The proposer was Magnus Nielsen and the opposer was Tony Koutsoumbos.
The proposer opened with a wide-ranging history of how the UK became involved in the European project (that ultimately became the EU), bringing the audience to today’s developments on Brexit. He concluded that in that referendum, London opinion did not lead the rest of the country – a marked shift from most other considerations for centuries. He then briefly critiqued today’s political parties. The opposer responded with a structured argument on whether ‘Brexit Britain’ will have a lasting impact on the party political landscape, bringing the debate back to the motion at hand.
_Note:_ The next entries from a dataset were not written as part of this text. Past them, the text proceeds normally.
(* Let $\mathbb{C}$ be a pointed category with finite products that has normal projections. Then $\mathbb{C}$ has a subtractive theory of abelian objects, i.e., the following hold: (A1) for any objects $X,X'$ equipped with subtractions $s\colon X\times X\to X$ and $s'\colon X'\times X'\to X'$, every morphism $g\colon X\to X'$ is homomorphic with respect to them, i.e., $g\circ s=s'\circ(g\times g)$; (A2) on any object $X$ there is at most one subtraction, and if $s$ is a subtraction on $X$ then $s$ is the subtraction $s(x,y)=x-y$ of an internal abelian group structure on $X$; (A3) if $X,X'$ are underlying objects of internal abelian groups in $\mathbb{C}$, then every morphism $X\to X'$ is a homomorphism of these internal abelian groups.
   Context: A pointed category $\mathbb{C}$ with finite products has normal projections if for all objects $X,Y$ the product projection $\pi_2\colon X\times Y\to Y$ is a cokernel of the morphism $(1_X,0)\colon X\to X\times Y$. Using generalised elements, a morphism $s\colon X\times X\to X$ is a subtraction on $X$ if $s\circ(1_X,1_X)=0$ and $s\circ(1_X,0)=1_X$ (i.e., $s(x,x)=0$ and $s(x,0)=x$). A morphism $g\colon X\to X'$ is homomorphic with respect to subtractions $s$ on $X$ and $s'$ on $X'$ if $g(s(x,y))=s'(g(x),g(y))$, i.e., $g\circ s=s'\circ(g\times g)$. An internal abelian group in $\mathbb{C}$ is an object with morphisms for addition, zero and negation satisfying the abelian group axioms internally. *)

theory Defs
  imports Main
begin

text \<open>A category with morphisms of type 'm and objects of type 'o
  (every element of 'm is a morphism, every element of 'o an object).
  ccomp C g f denotes g composed after f.\<close>

record ('o, 'm) cat =
  cdom  :: "'m \<Rightarrow> 'o"
  ccod  :: "'m \<Rightarrow> 'o"
  ccomp :: "'m \<Rightarrow> 'm \<Rightarrow> 'm"
  cid   :: "'o \<Rightarrow> 'm"

definition hom :: "('o, 'm) cat \<Rightarrow> 'o \<Rightarrow> 'o \<Rightarrow> 'm set" where
  "hom C X Y = {f. cdom C f = X \<and> ccod C f = Y}"

definition category :: "('o, 'm) cat \<Rightarrow> bool" where
  "category C \<longleftrightarrow>
     (\<forall>X. cid C X \<in> hom C X X) \<and>
     (\<forall>f g. ccod C f = cdom C g \<longrightarrow> ccomp C g f \<in> hom C (cdom C f) (ccod C g)) \<and>
     (\<forall>f. ccomp C f (cid C (cdom C f)) = f \<and> ccomp C (cid C (ccod C f)) f = f) \<and>
     (\<forall>f g h. ccod C f = cdom C g \<longrightarrow> ccod C g = cdom C h \<longrightarrow>
        ccomp C h (ccomp C g f) = ccomp C (ccomp C h g) f)"

definition terminal :: "('o, 'm) cat \<Rightarrow> 'o \<Rightarrow> bool" where
  "terminal C T \<longleftrightarrow> (\<forall>X. \<exists>!f. f \<in> hom C X T)"

definition initial :: "('o, 'm) cat \<Rightarrow> 'o \<Rightarrow> bool" where
  "initial C I \<longleftrightarrow> (\<forall>X. \<exists>!f. f \<in> hom C I X)"

definition zero_object :: "('o, 'm) cat \<Rightarrow> 'o \<Rightarrow> bool" where
  "zero_object C Z \<longleftrightarrow> initial C Z \<and> terminal C Z"

definition pointed :: "('o, 'm) cat \<Rightarrow> bool" where
  "pointed C \<longleftrightarrow> category C \<and> (\<exists>Z. zero_object C Z)"

definition zmor :: "('o, 'm) cat \<Rightarrow> 'o \<Rightarrow> 'o \<Rightarrow> 'm" where
  "zmor C X Y = (let Z = (SOME Z. zero_object C Z)
     in ccomp C (THE f. f \<in> hom C Z Y) (THE f. f \<in> hom C X Z))"
lemma weights_zero_if_two_point_support:
  fixes a :: "'a::field \<Rightarrow> 'a"
  assumes "finite S" and support: "{z \<in> S. a z \<noteq> 0} \<subseteq> {z1, z2}"
    and "(\<Sum>z\<in>S. a z) = 0" and "(\<Sum>z\<in>S. z * a z) = 0" and "z \<in> S"
  shows "a z = 0"
proof -
  define b where "b x = (if x \<in> S then a x else 0)" for x
  have restrict: "(\<Sum>x\<in>S. g x) = (\<Sum>x\<in>{z1, z2}. if x \<in> S then g x else 0)"
    if "\<And>x. x \<in> S \<Longrightarrow> a x = 0 \<Longrightarrow> g x = 0" for g :: "'a \<Rightarrow> 'a"
  proof -
    have "(\<Sum>x\<in>S. g x) = (\<Sum>x\<in>{z1, z2} \<inter> S. g x)"
      using \<open>finite S\<close> support that by (intro sum.mono_neutral_right) auto
    also have "\<dots> = (\<Sum>x\<in>{z1, z2}. if x \<in> S then g x else 0)"
      by (rule sum.inter_restrict) simp
    finally show ?thesis .
  qed
  have sum_b: "(\<Sum>x\<in>{z1, z2}. b x) = 0"
    using restrict[of a] assms(3) by (simp add: b_def)
  have "(\<Sum>x\<in>{z1, z2}. x * b x) = (\<Sum>x\<in>{z1, z2}. if x \<in> S then x * a x else 0)"
    by (rule sum.cong) (simp_all add: b_def)
  then have moment_b: "(\<Sum>x\<in>{z1, z2}. x * b x) = 0"
    using restrict[of "\<lambda>x. x * a x"] assms(4) by simp
  have "b z1 = 0 \<and> b z2 = 0"
  proof (cases "z1 = z2")
    case True
    with sum_b show ?thesis
      by simp
  next
    case False
    with sum_b moment_b have "b z1 + b z2 = 0" "z1 * b z1 + z2 * b z2 = 0"
      by simp_all
    then have "(z2 - z1) * b z2 = 0"
      by algebra
    with False \<open>b z1 + b z2 = 0\<close> show ?thesis
      by simp
  qed
  then show ?thesis
    using support \<open>z \<in> S\<close> by (auto simp: b_def)
qed

lemma unstable_subspace_SH_matrix_inter_ell_sand:
  assumes c: "c < -1"
  shows "unstable_subspace (SH_matrix c) \<inter> ell_sand = {0}"
proof -
  have "v = 0" if v: "v \<in> unstable_subspace (SH_matrix c)" "v \<in> ell_sand" for v
  proof -
    obtain S w where "finite S"
      and gen_eig: "\<And>z. z \<in> S \<Longrightarrow> 0 < Re z \<and> (SH_shifted c z ^^ 4) (w z) = 0"
      and v_sum: "cvec v = (\<Sum>z\<in>S. w z)"
      using v(1) unfolding unstable_subspace_def SH_shifted_def[abs_def] by auto
    have eig: "w z = w z $ 1 *s vector [1, z\<^sup>2, z ^ 3 + 2 * z, z]"
      and root: "SH_charpoly c z * w z $ 1 = 0" if "z \<in> S" for z
    proof -
      have "(SH_shifted c z ^^ Suc 3) (w z) = 0"
        using gen_eig[OF that] by simp
      then have "SH_shifted c z (w z) = 0"
        using funpow_Suc_eq_zero_imp_eq_zero SH_shifted_square_eq_zero[OF c] by blast
      from SH_shifted_eq_zero_imp_eigenvector[OF this]
      show "w z = w z $ 1 *s vector [1, z\<^sup>2, z ^ 3 + 2 * z, z]" "SH_charpoly c z * w z $ 1 = 0" .
    qed
    obtain z1 z2 where roots: "{z. SH_charpoly c z = 0 \<and> 0 < Re z} \<subseteq> {z1, z2}"
      using SH_charpoly_unstable_roots by blast
    have "v $ 1 = 0" "v $ 4 = 0"
      using v(2) by (simp_all add: ell_sand_def)
    then have sum1: "(\<Sum>z\<in>S. w z $ 1) = 0" and sum4: "(\<Sum>z\<in>S. w z $ 4) = 0"
      using arg_cong[OF v_sum, of "\<lambda>x. x $ 1"] arg_cong[OF v_sum, of "\<lambda>x. x $ 4"]
      by (simp_all add: cvec_def)
    have "(\<Sum>z\<in>S. w z $ 4) = (\<Sum>z\<in>S. z * w z $ 1)"
    proof (rule sum.cong)
      show "w z $ 4 = z * w z $ 1" if "z \<in> S" for z
        using arg_cong[OF eig[OF that], of "\<lambda>x. x $ 4"] by (simp add: mult.commute)
    qed simp
    with sum4 have sum_moment: "(\<Sum>z\<in>S. z * w z $ 1) = 0"
      by simp
    have support: "{z \<in> S. w z $ 1 \<noteq> 0} \<subseteq> {z1, z2}"
      using roots root gen_eig by auto
    have "w z = 0" if "z \<in> S" for z
    proof -
      have "w z $ 1 = 0"
        by (rule weights_zero_if_two_point_support[OF \<open>finite S\<close> support sum1 sum_moment that])
      then show ?thesis
        using eig[OF that] by simp
    qed
    then have "cvec v = 0"
      using v_sum by simp
    then show "v = 0"
      by (simp add: cvec_def vec_eq_iff)
  qed
  moreover have "0 \<in> unstable_subspace (SH_matrix c)"
    unfolding unstable_subspace_def by (auto intro!: exI[of _ "{}"] simp: cvec_def vec_eq_iff)
  moreover have "0 \<in> ell_sand"
    by (simp add: ell_sand_def)
  ultimately show ?thesis
    by blast
qed
(* Let $t$ be a positive multiple of $12$ and let $n=t^2+1$. There exists a tree $T$ on $n$ vertices such that, for every (deterministic) strategy of the cat in the Cat and Mouse game on $T$, there is a sequence of mouse positions $(m_i)_{i\ge1}$ such that $\mathrm{rad}_T(M_i)>t/12$ for every $i$; that is, the mouse avoids being localised up to distance $t/12$ forever.
   Context: The Cat and Mouse game is played on a simple, undirected, connected graph $G$ in time steps $i=1,2,\dots$. The mouse occupies vertices $m_1,m_2,\dots$, where for $i\ge2$, $m_i$ equals $m_{i-1}$ or is a neighbour of $m_{i-1}$. At time $i$ the cat tests an arbitrary vertex $c_i$; for $i\ge2$ it is told $b_i=1$ if $d(c_i,m_i)\le d(c_{i-1},m_{i-1})$ and $b_i=0$ otherwise ($d$ = graph distance). A cat strategy is $(c_1,c_2,f)$ with $f:\bigcup_{i\in\mathbb N}\{0,1\}^i\to V(G)$ and $c_i=f(b_2,\dots,b_{i-1})$ for $i\ge3$; it is deterministic, fixed in advance, and known to the mouse (so the mouse's sequence may depend on it). $M_i$ is the set of vertices $v$ for which there exist $\tilde m_1,\dots,\tilde m_i$ with $\tilde m_i=v$, each $\tilde m_j$ in the closed neighbourhood of $\tilde m_{j-1}$, and for each $2\le j\le i$: $d(c_j,\tilde m_j)\le d(c_{j-1},\tilde m_{j-1})$ iff $b_j=1$. $\mathrm{rad}_G(W)=\min_{v\in V(G)}\max_{w\in W}d(v,w)$. *)

theory Defs
  imports Complex_Main
begin

definition simple_graph :: "'a set \<Rightarrow> ('a \<Rightarrow> 'a \<Rightarrow> bool) \<Rightarrow> bool" where
  "simple_graph V E \<longleftrightarrow> finite V \<and> (\<forall>u v. E u v \<longrightarrow> u \<in> V \<and> v \<in> V \<and> u \<noteq> v \<and> E v u)"

definition walk :: "('a \<Rightarrow> 'a \<Rightarrow> bool) \<Rightarrow> 'a list \<Rightarrow> bool" where
  "walk E xs \<longleftrightarrow> xs \<noteq> [] \<and> (\<forall>i. Suc i < length xs \<longrightarrow> E (xs ! i) (xs ! Suc i))"

definition connected_graph :: "'a set \<Rightarrow> ('a \<Rightarrow> 'a \<Rightarrow> bool) \<Rightarrow> bool" where
  "connected_graph V E \<longleftrightarrow> (\<forall>u\<in>V. \<forall>v\<in>V. \<exists>xs. walk E xs \<and> hd xs = u \<and> last xs = v)"

definition has_cycle :: "('a \<Rightarrow> 'a \<Rightarrow> bool) \<Rightarrow> bool" where
  "has_cycle E \<longleftrightarrow> (\<exists>xs. walk E xs \<and> distinct xs \<and> length xs \<ge> 3 \<and> E (last xs) (hd xs))"

definition is_tree :: "'a set \<Rightarrow> ('a \<Rightarrow> 'a \<Rightarrow> bool) \<Rightarrow> bool" where
  "is_tree V E \<longleftrightarrow> simple_graph V E \<and> V \<noteq> {} \<and> connected_graph V E \<and> \<not> has_cycle E"

definition gdist :: "('a \<Rightarrow> 'a \<Rightarrow> bool) \<Rightarrow> 'a \<Rightarrow> 'a \<Rightarrow> nat" where
  "gdist E u v = (LEAST k. \<exists>xs. walk E xs \<and> hd xs = u \<and> last xs = v \<and> length xs = Suc k)"

definition rad :: "'a set \<Rightarrow> ('a \<Rightarrow> 'a \<Rightarrow> bool) \<Rightarrow> 'a set \<Rightarrow> nat" where
  "rad V E W = Min ((\<lambda>v. Max ((\<lambda>w. gdist E v w) ` W)) ` V)"

definition cat_strategy :: "'a set \<Rightarrow> 'a \<Rightarrow> 'a \<Rightarrow> (bool list \<Rightarrow> 'a) \<Rightarrow> bool" where
  "cat_strategy V c1 c2 f \<longleftrightarrow> c1 \<in> V \<and> c2 \<in> V \<and> (\<forall>bs. bs \<noteq> [] \<longrightarrow> f bs \<in> V)"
He argued that the two-party system had survived far bigger crises than Brexit, and that there is no evidence that the existing system would not endure.
The broad motion engendered a series of passionate floor speeches, which ranged from indignation about ‘filthy politics’ in general, to Brexit as a constitutional crisis, to the tendency of democracies to morph into oligopolies over time, to calm perspective on the flow of history and the premature nature of identifying such a shift in politics, to cynicism on ‘the more things change’ to a belief that the old parties no longer represent their supposed constituent bases.
Ultimately the club sided with a long-term view of electoral history, and in the final vote the motion was rejected.